Data for the task:
+ + + +

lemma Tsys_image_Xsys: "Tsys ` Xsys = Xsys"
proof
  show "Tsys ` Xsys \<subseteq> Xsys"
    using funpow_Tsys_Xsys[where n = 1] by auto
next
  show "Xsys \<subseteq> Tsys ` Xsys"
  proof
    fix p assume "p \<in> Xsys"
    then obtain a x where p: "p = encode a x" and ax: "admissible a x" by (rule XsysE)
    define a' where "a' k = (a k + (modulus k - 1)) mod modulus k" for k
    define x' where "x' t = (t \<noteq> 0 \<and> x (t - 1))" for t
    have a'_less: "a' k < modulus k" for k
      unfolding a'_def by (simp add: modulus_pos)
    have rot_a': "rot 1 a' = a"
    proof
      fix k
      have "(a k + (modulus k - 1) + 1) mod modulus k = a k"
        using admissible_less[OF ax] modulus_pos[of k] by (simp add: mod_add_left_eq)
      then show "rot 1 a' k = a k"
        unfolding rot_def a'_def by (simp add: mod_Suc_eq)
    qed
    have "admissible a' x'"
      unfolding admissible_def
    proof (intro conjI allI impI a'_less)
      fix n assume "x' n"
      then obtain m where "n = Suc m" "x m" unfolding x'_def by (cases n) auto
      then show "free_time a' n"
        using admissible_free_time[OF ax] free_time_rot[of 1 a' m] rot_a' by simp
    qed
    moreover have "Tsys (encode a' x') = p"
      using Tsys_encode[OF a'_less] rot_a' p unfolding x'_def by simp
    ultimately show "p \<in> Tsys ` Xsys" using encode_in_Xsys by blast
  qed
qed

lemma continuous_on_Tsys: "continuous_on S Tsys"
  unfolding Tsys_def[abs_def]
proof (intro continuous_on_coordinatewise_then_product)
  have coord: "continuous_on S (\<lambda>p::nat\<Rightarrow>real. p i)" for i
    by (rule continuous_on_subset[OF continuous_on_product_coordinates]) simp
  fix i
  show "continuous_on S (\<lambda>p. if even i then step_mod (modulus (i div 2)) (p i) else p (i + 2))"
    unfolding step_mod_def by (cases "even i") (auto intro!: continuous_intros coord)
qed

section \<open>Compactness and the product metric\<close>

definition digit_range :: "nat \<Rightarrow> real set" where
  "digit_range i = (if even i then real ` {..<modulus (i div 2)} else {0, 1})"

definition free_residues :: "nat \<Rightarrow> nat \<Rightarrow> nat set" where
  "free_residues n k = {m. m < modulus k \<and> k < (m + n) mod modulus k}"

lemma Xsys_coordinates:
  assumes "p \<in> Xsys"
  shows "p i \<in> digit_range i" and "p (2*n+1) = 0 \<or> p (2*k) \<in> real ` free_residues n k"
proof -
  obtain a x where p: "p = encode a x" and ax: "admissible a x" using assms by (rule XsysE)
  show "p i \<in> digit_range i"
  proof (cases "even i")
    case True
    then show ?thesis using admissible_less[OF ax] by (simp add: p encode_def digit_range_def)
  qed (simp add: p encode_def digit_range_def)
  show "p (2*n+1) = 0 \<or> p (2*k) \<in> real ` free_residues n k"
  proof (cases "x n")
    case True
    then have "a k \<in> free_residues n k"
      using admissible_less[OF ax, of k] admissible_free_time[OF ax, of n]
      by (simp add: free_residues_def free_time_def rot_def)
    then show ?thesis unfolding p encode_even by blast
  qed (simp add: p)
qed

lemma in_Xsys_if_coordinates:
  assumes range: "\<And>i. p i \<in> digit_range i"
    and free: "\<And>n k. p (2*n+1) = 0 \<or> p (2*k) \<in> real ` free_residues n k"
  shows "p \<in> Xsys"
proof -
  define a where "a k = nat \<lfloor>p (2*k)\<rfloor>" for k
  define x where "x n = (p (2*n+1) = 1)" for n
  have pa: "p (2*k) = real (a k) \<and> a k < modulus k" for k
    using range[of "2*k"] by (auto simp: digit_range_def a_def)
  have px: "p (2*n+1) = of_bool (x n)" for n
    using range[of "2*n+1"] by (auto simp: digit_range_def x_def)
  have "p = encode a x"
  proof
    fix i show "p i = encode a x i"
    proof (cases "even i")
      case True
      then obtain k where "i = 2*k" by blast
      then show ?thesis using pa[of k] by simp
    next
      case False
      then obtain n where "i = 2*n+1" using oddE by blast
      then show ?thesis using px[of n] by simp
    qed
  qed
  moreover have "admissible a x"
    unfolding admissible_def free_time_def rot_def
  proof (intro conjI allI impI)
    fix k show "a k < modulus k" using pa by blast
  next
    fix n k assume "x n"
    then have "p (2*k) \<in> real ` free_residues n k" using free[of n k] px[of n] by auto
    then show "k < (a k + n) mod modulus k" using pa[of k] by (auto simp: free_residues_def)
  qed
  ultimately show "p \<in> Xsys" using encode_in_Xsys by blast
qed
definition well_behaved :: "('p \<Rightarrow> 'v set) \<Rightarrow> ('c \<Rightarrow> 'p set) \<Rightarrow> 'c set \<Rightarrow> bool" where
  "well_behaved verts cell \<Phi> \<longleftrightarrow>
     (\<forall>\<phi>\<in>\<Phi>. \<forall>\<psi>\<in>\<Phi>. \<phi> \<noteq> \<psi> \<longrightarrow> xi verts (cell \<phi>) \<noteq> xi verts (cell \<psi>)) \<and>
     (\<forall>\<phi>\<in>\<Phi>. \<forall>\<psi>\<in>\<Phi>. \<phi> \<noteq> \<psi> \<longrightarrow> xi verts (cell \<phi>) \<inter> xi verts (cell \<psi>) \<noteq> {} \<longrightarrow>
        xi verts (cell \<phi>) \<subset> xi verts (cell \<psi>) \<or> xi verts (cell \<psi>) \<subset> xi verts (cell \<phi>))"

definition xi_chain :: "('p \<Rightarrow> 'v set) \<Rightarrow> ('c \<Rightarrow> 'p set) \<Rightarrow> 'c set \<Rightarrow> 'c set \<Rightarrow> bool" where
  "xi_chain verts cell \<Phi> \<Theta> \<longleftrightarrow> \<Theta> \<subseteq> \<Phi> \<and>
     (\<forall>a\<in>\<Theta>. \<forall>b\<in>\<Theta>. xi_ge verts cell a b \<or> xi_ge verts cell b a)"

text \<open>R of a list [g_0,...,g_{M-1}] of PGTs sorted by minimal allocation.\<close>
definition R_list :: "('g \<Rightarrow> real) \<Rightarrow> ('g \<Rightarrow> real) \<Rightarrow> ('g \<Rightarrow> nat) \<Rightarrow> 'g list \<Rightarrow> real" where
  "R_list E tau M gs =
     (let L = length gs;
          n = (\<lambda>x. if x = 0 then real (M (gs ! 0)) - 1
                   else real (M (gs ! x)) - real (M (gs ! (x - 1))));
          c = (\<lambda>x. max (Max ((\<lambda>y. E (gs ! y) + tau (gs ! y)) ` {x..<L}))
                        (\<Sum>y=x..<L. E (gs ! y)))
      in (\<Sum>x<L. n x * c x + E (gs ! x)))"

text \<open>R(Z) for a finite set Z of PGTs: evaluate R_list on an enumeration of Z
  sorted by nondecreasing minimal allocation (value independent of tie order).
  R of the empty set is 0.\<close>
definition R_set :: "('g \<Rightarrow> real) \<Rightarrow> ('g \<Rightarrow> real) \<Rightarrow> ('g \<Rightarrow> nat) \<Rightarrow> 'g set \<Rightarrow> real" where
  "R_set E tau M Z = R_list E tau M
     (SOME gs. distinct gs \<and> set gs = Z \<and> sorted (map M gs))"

+ + + +

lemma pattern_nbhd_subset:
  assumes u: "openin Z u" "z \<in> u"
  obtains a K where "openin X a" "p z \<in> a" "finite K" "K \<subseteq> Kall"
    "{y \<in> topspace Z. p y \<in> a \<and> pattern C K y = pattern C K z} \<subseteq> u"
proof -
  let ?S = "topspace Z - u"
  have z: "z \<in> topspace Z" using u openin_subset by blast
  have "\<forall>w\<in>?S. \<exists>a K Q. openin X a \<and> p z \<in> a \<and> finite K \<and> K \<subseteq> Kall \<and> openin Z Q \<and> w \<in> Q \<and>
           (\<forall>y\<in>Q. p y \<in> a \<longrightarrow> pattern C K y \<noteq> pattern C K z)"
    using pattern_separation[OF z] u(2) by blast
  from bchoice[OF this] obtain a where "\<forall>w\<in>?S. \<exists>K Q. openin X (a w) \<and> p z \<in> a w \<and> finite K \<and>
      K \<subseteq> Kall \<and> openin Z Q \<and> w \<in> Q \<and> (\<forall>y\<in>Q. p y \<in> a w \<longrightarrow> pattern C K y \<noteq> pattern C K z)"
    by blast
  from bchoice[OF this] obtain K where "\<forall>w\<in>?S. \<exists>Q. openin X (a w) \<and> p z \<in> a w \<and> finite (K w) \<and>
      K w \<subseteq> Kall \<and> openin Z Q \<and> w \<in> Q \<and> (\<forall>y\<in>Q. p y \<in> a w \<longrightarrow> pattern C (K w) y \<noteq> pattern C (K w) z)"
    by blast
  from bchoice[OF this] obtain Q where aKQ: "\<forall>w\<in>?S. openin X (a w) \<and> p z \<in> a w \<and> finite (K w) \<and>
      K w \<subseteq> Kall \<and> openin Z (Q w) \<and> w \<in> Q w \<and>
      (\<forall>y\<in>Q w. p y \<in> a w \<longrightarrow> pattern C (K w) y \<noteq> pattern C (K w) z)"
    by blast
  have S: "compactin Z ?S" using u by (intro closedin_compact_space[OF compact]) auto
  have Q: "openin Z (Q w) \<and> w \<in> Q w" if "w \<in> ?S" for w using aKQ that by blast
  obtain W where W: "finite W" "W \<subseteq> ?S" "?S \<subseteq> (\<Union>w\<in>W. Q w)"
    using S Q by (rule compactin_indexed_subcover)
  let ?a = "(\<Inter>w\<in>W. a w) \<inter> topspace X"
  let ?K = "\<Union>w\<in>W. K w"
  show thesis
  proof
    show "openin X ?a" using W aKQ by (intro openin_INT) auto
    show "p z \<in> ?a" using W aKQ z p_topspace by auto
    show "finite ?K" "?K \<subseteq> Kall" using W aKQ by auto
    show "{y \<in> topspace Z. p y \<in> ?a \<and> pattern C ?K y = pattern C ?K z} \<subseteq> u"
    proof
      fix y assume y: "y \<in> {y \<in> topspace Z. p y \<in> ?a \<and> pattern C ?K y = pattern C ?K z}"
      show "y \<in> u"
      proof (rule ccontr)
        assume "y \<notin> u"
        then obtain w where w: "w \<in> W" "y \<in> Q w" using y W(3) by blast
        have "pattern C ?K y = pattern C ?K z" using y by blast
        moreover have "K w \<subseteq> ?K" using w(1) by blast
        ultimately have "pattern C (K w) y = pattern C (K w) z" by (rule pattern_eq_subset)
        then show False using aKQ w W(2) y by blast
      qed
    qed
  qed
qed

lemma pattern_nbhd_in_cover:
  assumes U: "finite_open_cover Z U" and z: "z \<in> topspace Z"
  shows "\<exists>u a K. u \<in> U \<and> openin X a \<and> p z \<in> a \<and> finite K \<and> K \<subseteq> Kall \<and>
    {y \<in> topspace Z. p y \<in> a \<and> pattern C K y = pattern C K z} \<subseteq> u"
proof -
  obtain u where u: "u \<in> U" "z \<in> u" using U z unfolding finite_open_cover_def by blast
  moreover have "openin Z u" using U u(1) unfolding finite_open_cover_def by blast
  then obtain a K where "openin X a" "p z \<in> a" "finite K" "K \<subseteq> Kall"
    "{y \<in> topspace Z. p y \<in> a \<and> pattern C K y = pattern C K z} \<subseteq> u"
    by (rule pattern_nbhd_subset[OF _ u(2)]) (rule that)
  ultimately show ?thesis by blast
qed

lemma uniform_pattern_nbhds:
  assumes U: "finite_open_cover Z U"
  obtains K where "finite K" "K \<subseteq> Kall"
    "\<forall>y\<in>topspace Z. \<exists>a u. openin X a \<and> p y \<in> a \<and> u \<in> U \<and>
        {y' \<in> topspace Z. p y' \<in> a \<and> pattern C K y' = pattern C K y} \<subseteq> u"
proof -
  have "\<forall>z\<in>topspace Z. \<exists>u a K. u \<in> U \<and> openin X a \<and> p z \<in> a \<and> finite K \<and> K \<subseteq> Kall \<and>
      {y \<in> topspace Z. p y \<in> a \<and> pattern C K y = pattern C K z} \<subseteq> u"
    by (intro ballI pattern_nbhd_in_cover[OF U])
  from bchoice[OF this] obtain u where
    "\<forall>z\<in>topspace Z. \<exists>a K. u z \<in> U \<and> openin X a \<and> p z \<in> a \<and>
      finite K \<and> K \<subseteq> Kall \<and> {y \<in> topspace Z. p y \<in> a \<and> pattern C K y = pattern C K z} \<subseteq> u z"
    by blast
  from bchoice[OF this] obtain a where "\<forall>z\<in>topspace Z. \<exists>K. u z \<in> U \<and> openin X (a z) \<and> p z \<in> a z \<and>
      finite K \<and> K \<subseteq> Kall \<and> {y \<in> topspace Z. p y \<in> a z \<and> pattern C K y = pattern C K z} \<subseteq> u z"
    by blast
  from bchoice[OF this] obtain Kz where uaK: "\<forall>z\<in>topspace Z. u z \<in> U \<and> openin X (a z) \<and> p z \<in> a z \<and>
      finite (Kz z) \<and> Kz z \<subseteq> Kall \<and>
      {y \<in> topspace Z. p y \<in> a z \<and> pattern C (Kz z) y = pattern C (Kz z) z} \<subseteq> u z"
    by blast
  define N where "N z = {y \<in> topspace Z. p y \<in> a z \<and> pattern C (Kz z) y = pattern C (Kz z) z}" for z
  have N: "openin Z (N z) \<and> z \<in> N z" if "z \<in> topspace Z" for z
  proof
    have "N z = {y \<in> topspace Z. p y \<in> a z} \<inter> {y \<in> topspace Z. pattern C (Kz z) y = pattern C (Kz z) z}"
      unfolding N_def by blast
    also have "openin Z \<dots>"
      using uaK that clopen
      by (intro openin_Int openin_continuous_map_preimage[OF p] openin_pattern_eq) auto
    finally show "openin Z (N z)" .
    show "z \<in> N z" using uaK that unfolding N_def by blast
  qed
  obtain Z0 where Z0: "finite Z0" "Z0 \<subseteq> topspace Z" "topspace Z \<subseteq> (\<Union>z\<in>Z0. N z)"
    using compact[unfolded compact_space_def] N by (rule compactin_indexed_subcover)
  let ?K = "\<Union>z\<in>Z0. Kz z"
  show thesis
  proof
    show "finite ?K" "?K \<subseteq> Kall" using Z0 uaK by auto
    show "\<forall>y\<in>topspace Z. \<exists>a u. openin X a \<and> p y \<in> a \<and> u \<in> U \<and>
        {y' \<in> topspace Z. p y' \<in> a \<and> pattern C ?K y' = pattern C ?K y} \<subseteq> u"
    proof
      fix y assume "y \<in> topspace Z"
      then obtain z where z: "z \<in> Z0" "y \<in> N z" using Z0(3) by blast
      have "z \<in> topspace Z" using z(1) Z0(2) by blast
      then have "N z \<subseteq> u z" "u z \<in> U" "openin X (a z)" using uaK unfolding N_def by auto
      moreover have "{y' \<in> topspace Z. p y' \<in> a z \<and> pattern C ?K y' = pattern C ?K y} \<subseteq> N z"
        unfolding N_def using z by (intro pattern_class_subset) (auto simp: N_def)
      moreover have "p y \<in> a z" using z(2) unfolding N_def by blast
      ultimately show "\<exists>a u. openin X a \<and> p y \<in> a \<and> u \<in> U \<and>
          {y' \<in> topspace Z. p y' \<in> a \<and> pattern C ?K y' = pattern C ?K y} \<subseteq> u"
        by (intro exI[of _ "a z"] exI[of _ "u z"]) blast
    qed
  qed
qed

+ + + +

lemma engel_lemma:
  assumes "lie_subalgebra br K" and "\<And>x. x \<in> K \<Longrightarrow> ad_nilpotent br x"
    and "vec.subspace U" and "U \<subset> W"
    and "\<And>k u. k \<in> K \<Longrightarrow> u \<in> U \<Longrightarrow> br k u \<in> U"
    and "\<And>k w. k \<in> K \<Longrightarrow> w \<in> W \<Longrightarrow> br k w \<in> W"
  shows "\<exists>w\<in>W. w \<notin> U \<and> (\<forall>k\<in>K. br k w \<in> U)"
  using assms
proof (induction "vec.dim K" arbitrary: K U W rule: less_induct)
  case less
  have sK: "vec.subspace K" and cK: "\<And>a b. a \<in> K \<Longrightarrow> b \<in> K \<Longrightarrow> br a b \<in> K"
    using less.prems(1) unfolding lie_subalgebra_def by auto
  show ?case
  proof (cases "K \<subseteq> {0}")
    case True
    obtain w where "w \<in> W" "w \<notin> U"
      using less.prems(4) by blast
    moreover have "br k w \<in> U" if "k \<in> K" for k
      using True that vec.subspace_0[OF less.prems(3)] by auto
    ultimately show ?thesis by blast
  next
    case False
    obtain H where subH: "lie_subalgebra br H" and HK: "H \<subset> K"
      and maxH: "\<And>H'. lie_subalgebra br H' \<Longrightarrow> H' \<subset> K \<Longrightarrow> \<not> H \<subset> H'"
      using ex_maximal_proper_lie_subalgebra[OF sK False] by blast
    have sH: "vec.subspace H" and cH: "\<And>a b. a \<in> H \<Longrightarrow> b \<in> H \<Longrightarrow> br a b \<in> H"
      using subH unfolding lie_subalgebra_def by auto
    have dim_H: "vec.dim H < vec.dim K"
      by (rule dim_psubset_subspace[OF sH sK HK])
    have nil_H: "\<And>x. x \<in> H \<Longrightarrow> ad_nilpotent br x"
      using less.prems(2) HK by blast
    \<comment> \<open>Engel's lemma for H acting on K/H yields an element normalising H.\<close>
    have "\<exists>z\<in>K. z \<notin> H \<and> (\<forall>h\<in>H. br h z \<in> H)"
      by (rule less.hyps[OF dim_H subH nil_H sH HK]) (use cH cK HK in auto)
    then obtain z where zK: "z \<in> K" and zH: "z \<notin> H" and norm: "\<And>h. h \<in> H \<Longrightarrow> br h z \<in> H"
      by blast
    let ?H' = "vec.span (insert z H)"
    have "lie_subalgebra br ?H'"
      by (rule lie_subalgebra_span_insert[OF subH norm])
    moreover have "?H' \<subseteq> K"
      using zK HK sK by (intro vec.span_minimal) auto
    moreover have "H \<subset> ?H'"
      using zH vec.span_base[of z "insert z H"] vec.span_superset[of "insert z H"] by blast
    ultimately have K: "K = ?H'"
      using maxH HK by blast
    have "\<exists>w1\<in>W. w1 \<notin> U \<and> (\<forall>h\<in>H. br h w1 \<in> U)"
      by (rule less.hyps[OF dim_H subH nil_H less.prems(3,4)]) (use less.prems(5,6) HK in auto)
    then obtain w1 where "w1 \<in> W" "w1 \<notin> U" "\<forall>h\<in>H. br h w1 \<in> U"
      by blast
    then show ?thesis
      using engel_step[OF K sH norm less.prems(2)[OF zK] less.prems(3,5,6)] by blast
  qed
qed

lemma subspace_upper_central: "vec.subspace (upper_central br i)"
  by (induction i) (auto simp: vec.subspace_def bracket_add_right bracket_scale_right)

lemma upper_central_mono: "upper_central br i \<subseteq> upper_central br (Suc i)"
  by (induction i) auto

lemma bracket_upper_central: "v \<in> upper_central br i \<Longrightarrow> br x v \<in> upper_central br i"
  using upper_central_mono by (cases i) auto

+ + + +

What the task requires:
What is needed is a count of the lines in the data that contain the word "sorted"; please give it and no other words.

The completed task:
3